Yours, and nobody else’s
That’s the thing about pain, it demands to be felt.
-John Green, The Fault in our Stars
There will be a lot of pain, anger, and self pity. You will lash out, at those you love. You will push people away, and you will hate them or God or maybe everyone. It is so easy to just keep that hate, to feel it every day. It is effortless to hate them for what they did or didn’t do. That maelstrom of emotion will do nothing but burn you up inside until all that remains is a sad, small person. It’s okay to feel that way for a time. It is. You have a right to feel your emotions. You should yell, and scream, and cry.

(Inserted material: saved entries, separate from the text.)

text \<open>Interference in slot t (as an extended nonnegative real, possibly infinite) and the SIR
  in ennreal (so S/0 = infinity for S > 0 and S/infinity = 0).\<close>

definition interference :: "real \<Rightarrow> (nat \<Rightarrow> 'a \<Rightarrow> real^2) \<Rightarrow> (nat \<Rightarrow> nat \<Rightarrow> 'a \<Rightarrow> real)
    \<Rightarrow> (nat \<Rightarrow> nat \<Rightarrow> 'a \<Rightarrow> real) \<Rightarrow> nat \<Rightarrow> 'a \<Rightarrow> ennreal" where
  "interference \<alpha> X Ind G t \<omega> = (\<Sum>n. ennreal (Ind n t \<omega> * norm (X n \<omega>) powr (- \<alpha>) * G n t \<omega>))"

definition SIR :: "real \<Rightarrow> real \<Rightarrow> (nat \<Rightarrow> 'a \<Rightarrow> real^2) \<Rightarrow> (nat \<Rightarrow> nat \<Rightarrow> 'a \<Rightarrow> real)
    \<Rightarrow> (nat \<Rightarrow> nat \<Rightarrow> 'a \<Rightarrow> real) \<Rightarrow> (nat \<Rightarrow> 'a \<Rightarrow> real) \<Rightarrow> nat \<Rightarrow> 'a \<Rightarrow> ennreal" where
  "SIR \<alpha> d X Ind G H t \<omega> = ennreal (d powr (- \<alpha>) * H t \<omega>) / interference \<alpha> X Ind G t \<omega>"

end

theory Submission
  imports Defs
begin

(* Given the point process, the slots are independent and identically distributed:
   slot t only uses the marks (Ind n t, G n t, H t), and these mark vectors are
   independent of each other, of the points, and have a common law nu.  Writing Y for
   the configuration of points and W t for the mark vector of slot t, the event
   "SIR_t < beta" is {(Y, W t) in A} for one fixed measurable set A, so
     P(for all t in T. (Y, W t) in A) = E[g(Y) ^ card T],   g(y) = nu(A_y),
   where A_y is the section of A at y.  Jensen's inequality for the convex function
   x ^ k on [0, 1] gives E[g(Y) ^ k] >= E[g(Y)] ^ k = q ^ k.

   Finally it identifies the single-hop model with this setting. *)

(* The power function x ^ k lies above its tangent line at any c >= 0 (Bernoulli's
   inequality); this is the convexity needed for Jensen's inequality below. *)
lemma power_ge_tangent:
  fixes x c :: real
  assumes "0 \<le> x" "0 \<le> c"
  shows "c ^ k + real k * c ^ (k - 1) * (x - c) \<le> x ^ k"
proof (cases "c = 0")
  case True
  then show ?thesis using assms by (cases k) (auto simp: power_0_left)
next
  case False
  with assms have c: "c > 0" by simp
  have "c ^ k + real k * c ^ (k - 1) * (x - c) = c ^ k * (1 + real k * (x / c - 1))"
    using c by (cases k) (simp_all add: field_simps)
  also have "\<dots> \<le> c ^ k * (1 + (x / c - 1)) ^ k"
    using assms c by (intro mult_left_mono Bernoulli_inequality) auto
  also have "\<dots> = x ^ k"
    using c by (simp add: power_divide)
  finally show ?thesis .
qed

(* Jensen's inequality for k-th powers of a random variable with values in [0, 1],
   obtained by integrating the tangent-line bound at c = E g. *)
lemma (in prob_space) power_expectation_le:
  fixes g :: "'a \<Rightarrow> real"
  assumes g: "g \<in> borel_measurable M"
    and bounds: "\<And>x. x \<in> space M \<Longrightarrow> 0 \<le> g x \<and> g x \<le> 1"
  shows "(expectation g) ^ k \<le> expectation (\<lambda>x. g x ^ k)"
proof -
  define c where "c = expectation g"
  have int_g: "integrable M g"
    by (rule integrable_const_bound[where B=1], rule AE_I2) (use g bounds in auto)
  have int_gk: "integrable M (\<lambda>x. g x ^ k)"
    by (rule integrable_const_bound[where B=1], rule AE_I2) (use g bounds in \<open>auto intro: power_le_one\<close>)
  have "c \<ge> 0"
    unfolding c_def using bounds by (intro integral_nonneg_AE AE_I2) auto
  have "c ^ k = expectation (\<lambda>x. c ^ k + real k * c ^ (k - 1) * (g x - c))"
    using int_g by (simp add: c_def prob_space)
  also have "\<dots> \<le> expectation (\<lambda>x. g x ^ k)"
    using int_g int_gk \<open>c \<ge> 0\<close> bounds by (intro integral_mono power_ge_tangent) auto
  finally show ?thesis unfolding c_def .
qed

lemma measurable_measure_Pair:
  assumes "prob_space \<nu>" and "A \<in> sets (\<mu> \<Otimes>\<^sub>M \<nu>)"
  shows "(\<lambda>y. measure \<nu> (Pair y -` A)) \<in> borel_measurable \<mu>"
  using sigma_finite_measure.measurable_emeasure_Pair[OF prob_space_imp_sigma_finite[OF assms(1)] assms(2)]
  unfolding measure_def by measurable

lemma measure_pair_PiM_all_sections:
  fixes \<mu> :: "'a measure" and \<nu> :: "'b measure"
  assumes "prob_space \<mu>" "prob_space \<nu>" "finite T"
    and A: "A \<in> sets (\<mu> \<Otimes>\<^sub>M \<nu>)"
  defines "P \<equiv> \<mu> \<Otimes>\<^sub>M PiM T (\<lambda>_. \<nu>)"
  shows "{p \<in> space P. \<forall>t\<in>T. (fst p, snd p t) \<in> A} \<in> sets P"
    and "measure P {p \<in> space P. \<forall>t\<in>T. (fst p, snd p t) \<in> A}
       = (\<integral>y. measure \<nu> (Pair y -` A) ^ card T \<partial>\<mu>)"
proof -
  interpret mu: prob_space \<mu> by fact
  interpret nu: prob_space \<nu> by fact
  interpret Pi: product_prob_space "\<lambda>_. \<nu>" T by unfold_locales
  interpret Pi: prob_space "PiM T (\<lambda>_. \<nu>)" by (rule prob_space_PiM) (rule nu.prob_space_axioms)
  define S where "S = {p \<in> space P. \<forall>t\<in>T. (fst p, snd p t) \<in> A}"
  show S: "S \<in> sets P"
    unfolding S_def
  proof (rule sets.sets_Collect_finite_All[OF _ \<open>finite T\<close>])
    fix t assume "t \<in> T"
    then have "(\<lambda>p. (fst p, snd p t)) \<in> measurable P (\<mu> \<Otimes>\<^sub>M \<nu>)"
      unfolding P_def by measurable
    then show "{p \<in> space P. (fst p, snd p t) \<in> A} \<in> sets P"
      using A by measurable
  qed
  have slice: "Pair y -` S = PiE T (\<lambda>_. Pair y -` A)" if "y \<in> space \<mu>" for y
    using that sets.sets_into_space[OF A]
    by (auto simp: S_def P_def space_pair_measure space_PiM PiE_iff extensional_def)
  have "emeasure P S = (\<integral>\<^sup>+y. emeasure (PiM T (\<lambda>_. \<nu>)) (Pair y -` S) \<partial>\<mu>)"
    unfolding P_def by (rule Pi.emeasure_pair_measure_alt) (use S in \<open>simp add: P_def\<close>)
  also have "\<dots> = (\<integral>\<^sup>+y. ennreal (measure \<nu> (Pair y -` A) ^ card T) \<partial>\<mu>)"
    using A \<open>finite T\<close>
    by (intro nn_integral_cong)
       (simp add: slice Pi.emeasure_PiM sets_Pair1 nu.emeasure_eq_measure prod_ennreal ennreal_power)
  also have "\<dots> = ennreal (\<integral>y. measure \<nu> (Pair y -` A) ^ card T \<partial>\<mu>)"
    using measurable_measure_Pair[OF \<open>prob_space \<nu>\<close> A]
    by (intro nn_integral_eq_integral mu.integrable_const_bound[where B=1] AE_I2)
      (auto intro: power_le_one)
  finally show "measure P S = (\<integral>y. measure \<nu> (Pair y -` A) ^ card T \<partial>\<mu>)"
    by (simp add: measure_def integral_nonneg_AE)
qed

definition vimage_events :: "'a measure \<Rightarrow> 'b measure \<Rightarrow> ('a \<Rightarrow> 'b) \<Rightarrow> 'a set set" where
  "vimage_events M N X = {X -` B \<inter> space M | B. B \<in> sets N}"

lemma (in prob_space) indep_set_vimage_events_compose:
  assumes indep: "indep_set (vimage_events M S X) (vimage_events M T Y)"
    and Y: "random_variable T Y" and h: "h \<in> measurable T N"
  shows "indep_set (vimage_events M S X) (vimage_events M N (\<lambda>\<omega>. h (Y \<omega>)))"
proof -
  have "(\<lambda>\<omega>. h (Y \<omega>)) -` B \<inter> space M = Y -` (h -` B \<inter> space T) \<inter> space M" for B
    using measurable_space[OF Y] by auto
  then have "vimage_events M N (\<lambda>\<omega>. h (Y \<omega>)) \<subseteq> vimage_events M T Y"
    using measurable_sets[OF h] unfolding vimage_events_def by blast
  then show ?thesis
    using indep unfolding indep_sets2_eq by blast
qed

However, as easy as it is, you can’t let it fester and you can’t give it to others. You must confront your emotions, and let them run their course. In the end, you must remember that the pain they gave you is yours to endure. when it comes burning through your veins, you cannot give it away. You must endure and remember who you are. You are not what they made you. In the end, the suffering is yours, and nobody else’s.
Editor Suggestions for drinks when you have been dumped
Take this advice at your own risk because we are a real emotional bunch

- Whiskey neat
If I have to go through a break up, I want the burn so it has to be just straight whiskey. Another reason, is that it’ll give me confidence. Now that confidence is important, that way I can either punch someone in the face or flirt with someone better than my ex.
-Teagan
If I ever was dumped, I would drink whiskey neat. It’s bitter and it burns just like I would be feeling. Its also straight to the point which I wish that relationship could have been. Oh, and it would keep me warm at night since they won’t be anymore.
-Unevenmango

2. Vodka, a lot of it.
If you can’t remember who they were, then you can’t remember to be sad about it. Kidding, kinda?
-MT
I always drink vodka because I’m not a great drinker and it really hurts when I drink it. Then I can focus on that pain instead of the terrible, terrible emotional pain.
-Kaity
Well I’ve been dating my girlfriend for five years… that being said, I would definitely drink vodka. More specifically something like Everclear. Like I would have absolutely no idea what to do after losing such a strong bond.
-Tyler

3. Tequila
I drink tequila, but only in margaritas. Tequila really works well because I don’t want to forget about them, but I do want to have a good cry. Sometimes it’s nice to just get it out and embrace your emotions. Also, you can get some great food while you just have a meltdown.
-MT

4. Creme Liquor
I always go with creme Liquor. I absolutely hate the taste to be honest, but I have a really big travel mug and you can mix it with coffee. You can walk around campus all day just avoiding those emotions. Although I do not advise doing this during finals, that was a poor choice.
– Samesunsets

5. Water
It’s okay to drink and not feel those emotions or in MT’s case embrace them, but eventually you have to move on. At some point you have to pick yourself up and start moving forward. It doesn’t have to be right now, but you will have to eventually. Also you can start drinking water and working out so you look hot af.